text \<open>Instead of Hoelder's inequality, integrate over \<open>[u, v]\<close>, \<open>l = v - u\<close>, the pointwise bound
  \<open>|w| \<le> l powr (\<beta> - 1) + l powr \<beta> * |w| powr q\<close> with \<open>q = 1 / (1 - \<beta>)\<close>.\<close>
lemma holder_of_deriv_Lp:
  fixes \<phi> w :: "real \<Rightarrow> real"
  assumes \<beta>: "0 < \<beta>" "\<beta> < 1"
    and ac: "abs_cont_on \<phi> \<kappa> L" and N: "negligible N"
    and deriv: "\<And>x. x \<in> {\<kappa>..L} - N \<Longrightarrow> (\<phi> has_real_derivative w x) (at x)"
    and Lq: "(\<lambda>x. \<bar>w x\<bar> powr (1 / (1 - \<beta>))) integrable_on {\<kappa>..L}"
    and ab: "a \<in> {\<kappa>..L}" "b \<in> {\<kappa>..L}"
  shows "\<bar>\<phi> b - \<phi> a\<bar> \<le> (1 + integral {\<kappa>..L} (\<lambda>x. \<bar>w x\<bar> powr (1 / (1 - \<beta>)))) * \<bar>b - a\<bar> powr \<beta>"
proof -
  define q where "q = 1 / (1 - \<beta>)"
  define M where "M = integral {\<kappa>..L} (\<lambda>x. \<bar>w x\<bar> powr q)"
  have "1 \<le> q" using \<beta> by (simp add: q_def)
  have increment: "\<bar>\<phi> v - \<phi> u\<bar> \<le> (1 + M) * (v - u) powr \<beta>" if uv: "\<kappa> \<le> u" "u < v" "v \<le> L" for u v
  proof -
    define l where "l = v - u"
    have "l > 0" using uv by (simp add: l_def)
    have F: "(w has_integral (\<phi> v - \<phi> u)) {u..v}"
    proof (rule has_integral_abs_cont_on[OF _ abs_cont_on_subinterval[OF ac] N])
      show "\<kappa> \<le> u" "v \<le> L" "u \<le> v" using uv by auto
      show "(\<phi> has_real_derivative w x) (at x)" if "x \<in> {u..v} - N" for x
        using that uv by (intro deriv) auto
    qed
    have Lq_uv: "(\<lambda>x. \<bar>w x\<bar> powr q) integrable_on {u..v}"
      using integrable_on_subinterval[OF Lq] uv by (auto simp: q_def)
    have pointwise: "\<bar>w x\<bar> \<le> l powr (\<beta> - 1) + l powr \<beta> * \<bar>w x\<bar> powr q" for x
    proof -
      have "(\<beta> - 1) * (1 - q) = \<beta>" using \<beta> by (simp add: q_def field_simps)
      then have "(l powr (\<beta> - 1)) powr (1 - q) = l powr \<beta>" by (simp add: powr_powr)
      with le_add_powr_Young[of "\<bar>w x\<bar>" "l powr (\<beta> - 1)" q] \<open>l > 0\<close> \<open>1 \<le> q\<close> show ?thesis by simp
    qed
    have l_powr: "l powr (\<beta> - 1) * l = l powr \<beta>"
      using powr_mult_base[of l "\<beta> - 1"] \<open>l > 0\<close> by (simp add: mult.commute)
    have int_le: "integral {u..v} (\<lambda>x. \<bar>w x\<bar> powr q) \<le> M"
      unfolding M_def using Lq Lq_uv uv by (intro integral_subset_le) (auto simp: q_def)
    have "\<bar>\<phi> v - \<phi> u\<bar> = norm (integral {u..v} w)" using F by (simp add: integral_unique)
    also have "\<dots> \<le> integral {u..v} (\<lambda>x. l powr (\<beta> - 1) + l powr \<beta> * \<bar>w x\<bar> powr q)"
      using F pointwise integrable_add[OF integrable_const_ivl integrable_on_cmult_left[OF Lq_uv]]
      by (intro integral_norm_bound_integral) auto
    also have "\<dots> = l powr (\<beta> - 1) * l + l powr \<beta> * integral {u..v} (\<lambda>x. \<bar>w x\<bar> powr q)"
      using integral_add[OF integrable_const_ivl integrable_on_cmult_left[OF Lq_uv]] uv
      by (simp add: l_def)
    also have "\<dots> \<le> l powr \<beta> + l powr \<beta> * M"
      using int_le by (simp add: l_powr mult_left_mono)
    also have "\<dots> = (1 + M) * (v - u) powr \<beta>"
      by (simp add: l_def algebra_simps)
    finally show ?thesis .
  qed
  have "M \<ge> 0" using Lq by (simp add: M_def q_def integral_nonneg)
  with ab increment[of a b] increment[of b a] show ?thesis
    by (cases a b rule: linorder_cases) (auto simp: M_def q_def abs_minus_commute)
qed

lemma integral_diff_negligible:
  fixes f :: "'n::euclidean_space \<Rightarrow> 'a::banach"
  assumes "negligible E"
  shows "integral (S - E) f = integral S f"
  by (rule integral_spike_set) (auto intro: negligible_subset[OF assms])

lemma integrable_on_diff_negligible_iff:
  fixes f :: "'n::euclidean_space \<Rightarrow> 'a::banach"
  assumes "negligible E"
  shows "f integrable_on (S - E) \<longleftrightarrow> f integrable_on S"
  by (rule integrable_spike_set_eq, rule negligible_subset[OF assms]) auto

lemma integral_difference_quotient_tendsto:
  fixes P :: "real \<Rightarrow> real \<Rightarrow> real" and Q H :: "real \<Rightarrow> real" and X :: "nat \<Rightarrow> real"
  assumes P_int: "\<And>y. \<bar>y - y0\<bar> < r \<Longrightarrow> P y integrable_on S"
    and H: "H integrable_on S"
    and bound: "\<And>y s. 0 < \<bar>y - y0\<bar> \<Longrightarrow> \<bar>y - y0\<bar> < r \<Longrightarrow> s \<in> S \<Longrightarrow>
      \<bar>(P y s - P y0 s) / (y - y0)\<bar> \<le> H s"
    and E: "negligible E"
    and deriv: "\<And>s. s \<in> S - E \<Longrightarrow> ((\<lambda>y. P y s) has_real_derivative Q s) (at y0)"
    and X: "X \<longlonglongrightarrow> y0" "\<And>k. X k \<noteq> y0" "\<And>k. \<bar>X k - y0\<bar> < r"
  shows "Q integrable_on S"
    and "(\<lambda>k. (integral S (P (X k)) - integral S (P y0)) / (X k - y0)) \<longlonglongrightarrow> integral S Q"
proof -
  define F where "F k s = (P (X k) s - P y0 s) / (X k - y0)" for k s
  have "\<bar>y0 - y0\<bar> < r" using X(3)[of 0] by linarith
  then have F_int: "F k integrable_on S" for k
    unfolding F_def using P_int[OF X(3)] P_int[OF \<open>\<bar>y0 - y0\<bar> < r\<close>]
    by (intro integrable_on_divide integrable_diff)
  have F_integral: "integral S (F k) = (integral S (P (X k)) - integral S (P y0)) / (X k - y0)" for k
    unfolding F_def using P_int[OF X(3)] P_int[OF \<open>\<bar>y0 - y0\<bar> < r\<close>]
    by (simp add: integral_diff integral_divide)
  have X_at: "filterlim X (at y0) sequentially"
    using X(1,2) by (intro filterlim_atI) auto
  have conv: "(\<lambda>k. F k s) \<longlonglongrightarrow> Q s" if "s \<in> S - E" for s
  proof -
    have "((\<lambda>y. (P y s - P y0 s) / (y - y0)) \<longlongrightarrow> Q s) (at y0)"
      using deriv[OF that] by (simp add: has_field_derivative_iff)
    from filterlim_compose[OF this X_at] show ?thesis by (simp add: F_def)
  qed
  have F_int': "F k integrable_on (S - E)" for k
    using F_int by (simp add: integrable_on_diff_negligible_iff[OF E])
  have H': "H integrable_on (S - E)"
    using H by (simp add: integrable_on_diff_negligible_iff[OF E])
  have F_bound: "norm (F k s) \<le> H s" if "s \<in> S - E" for k s
    using bound[of "X k" s] X(2,3) that by (simp add: F_def)
  note dominated = dominated_convergence[of F "S - E" H Q, OF F_int' H' F_bound conv]
  from dominated show "Q integrable_on S"
    and "(\<lambda>k. (integral S (P (X k)) - integral S (P y0)) / (X k - y0)) \<longlonglongrightarrow> integral S Q"
    by (simp_all add: integrable_on_diff_negligible_iff[OF E] integral_diff_negligible[OF E] F_integral)
qed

Work request: What lines of the data include the word "increment"? Copy each of them.

Task response:
  have increment: "\<bar>\<phi> v - \<phi> u\<bar> \<le> (1 + M) * (v - u) powr \<beta>" if uv: "\<kappa> \<le> u" "u < v" "v \<le> L" for u v
  with ab increment[of a b] increment[of b a] show ?thesis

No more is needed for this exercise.